Exercise goal -
Across the listing below, how many lines contain the string "Longrightarrow"? Only the number is needed.

Source material -

lemma positivity_invariant:
  "(\<forall>(u, v) \<in> E. 0 < p t u v) \<and> (\<forall>v. 0 \<le> f t v) \<and> (\<forall>v. 0 \<le> b t v)"
proof (induction t)
  case 0
  show ?case using p_init f_init b_init by auto
next
  case (Suc t)
  then have p: "\<forall>(u, v) \<in> E. 0 < p t u v" and f: "\<And>v. 0 \<le> f t v"
    and b: "\<And>v. 0 \<le> b t v" by auto
  have "0 < p (Suc t) u v" if "(u, v) \<in> E" for u v
  proof -
    have "0 \<le> fflow E (p t) (f t) u v" "0 \<le> bflow E (p t) (b t) u v" "0 < p t u v"
      using fflow_nonneg[OF f p that] bflow_nonneg[OF b p that] p that by auto
    then show ?thesis using p_step[OF that] dlt by simp
  qed
  moreover have "0 \<le> f (Suc t) v" for v
  proof (cases "v = s")
    case False
    show ?thesis
      unfolding f_step[OF False] using fflow_nonneg[OF f p] by (auto intro: sum_nonneg)
  qed (use f_source[of "Suc t"] f_source_pos lam in simp)
  moreover have "0 \<le> b (Suc t) v" for v
  proof (cases "v = d")
    case False
    show ?thesis
      unfolding b_step[OF False] using bflow_nonneg[OF b p] by (auto intro: sum_nonneg)
  qed (use b_sink[of "Suc t"] b_sink_pos lam in simp)
  ultimately show ?case by blast
qed

lemma p_pos_on: "\<forall>(u, v) \<in> E. 0 < p t u v"
  using positivity_invariant by blast

lemma p_pos: "(u, v) \<in> E \<Longrightarrow> 0 < p t u v"
  using p_pos_on by blast

lemma f_nonneg: "0 \<le> f t v"
  using positivity_invariant by blast

lemma b_nonneg: "0 \<le> b t v"
  using positivity_invariant by blast

lemma b_step_interior:
  assumes "branch_path E s d P len" "0 < k" "k < len"
  shows "b (Suc t) (P k) = bflow E (p t) (b t) (P k) (P (Suc k))"
  using b_step[OF branch_pathD(5)[OF assms]] branch_pathD(7)[OF assms] by simp

lemma b_branch_bound:
  assumes P: "branch_path E s d P len"
  shows "0 < k \<Longrightarrow> k \<le> len \<Longrightarrow> b t (P k) \<le> lam ^ t * b 0 d"
proof (induction t arbitrary: k)
  case 0
  show ?case
  proof (cases "k = len")
    case False
    then show ?thesis using 0 b_init(2) branch_pathD(4,5)[OF P] by simp
  qed (simp add: branch_pathD(2)[OF P])
next
  case (Suc t)
  show ?case
  proof (cases "k = len")
    case True
    then show ?thesis using b_sink[of "Suc t"] by (simp add: branch_pathD(2)[OF P])
  next
    case False
    then have k: "0 < k" "k < len" using Suc.prems by auto
    have "b (Suc t) (P k) \<le> b t (P (Suc k))"
      unfolding b_step_interior[OF P k]
      by (rule bflow_le[OF b_nonneg p_pos_on branch_pathD(3)[OF P k(2)]])
    also have "\<dots> \<le> lam ^ t * b 0 d" using Suc.IH k by simp
    also have "\<dots> \<le> lam ^ Suc t * b 0 d" using lam b_sink_pos by simp
    finally show ?thesis .
  qed
qed

lemma bflow_transport:
  assumes P: "branch_path E s d P len"
  shows "j < len \<Longrightarrow>
    bflow E (p (\<sigma> + j)) (b (\<sigma> + j)) (P (len - Suc j)) (P (len - j))
      = bflow E (p \<sigma>) (b \<sigma>) (P (len - 1)) d"
proof (induction j)
  case 0
  then show ?case using branch_pathD(2)[OF P] by simp
next
  case (Suc j)
  define k where "k = len - Suc j"
  have k: "0 < k" "k < len" "len - Suc (Suc j) = k - 1" "len - j = Suc k"
    using Suc.prems by (auto simp: k_def)
  have "bflow E (p (\<sigma> + Suc j)) (b (\<sigma> + Suc j)) (P (k - 1)) (P k)
      = b (\<sigma> + Suc j) (P k)"
  proof (rule bflow_single)
    show "{z. (z, P k) \<in> E} = {P (k - 1)}" using branch_pathD(6)[OF P k(1,2)] .
    have "(P (k - 1), P (Suc (k - 1))) \<in> E"
      using branch_pathD(3)[OF P, of "k - 1"] k by simp
    then have "(P (k - 1), P k) \<in> E" using k by simp
    from p_pos[OF this] show "p (\<sigma> + Suc j) (P (k - 1)) (P k) \<noteq> 0"
      by (rule less_imp_neq[symmetric])
  qed
  also have "\<dots> = bflow E (p (\<sigma> + j)) (b (\<sigma> + j)) (P k) (P (Suc k))"
    using b_step_interior[OF P k(1,2)] by simp
  also have "\<dots> = bflow E (p \<sigma>) (b \<sigma>) (P (len - 1)) d"
    using Suc.IH[OF Suc_lessD[OF Suc.prems]] unfolding k_def[symmetric] k(4) .
  finally show ?case unfolding k(3) k_def[symmetric] by simp
qed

Response to the task -
3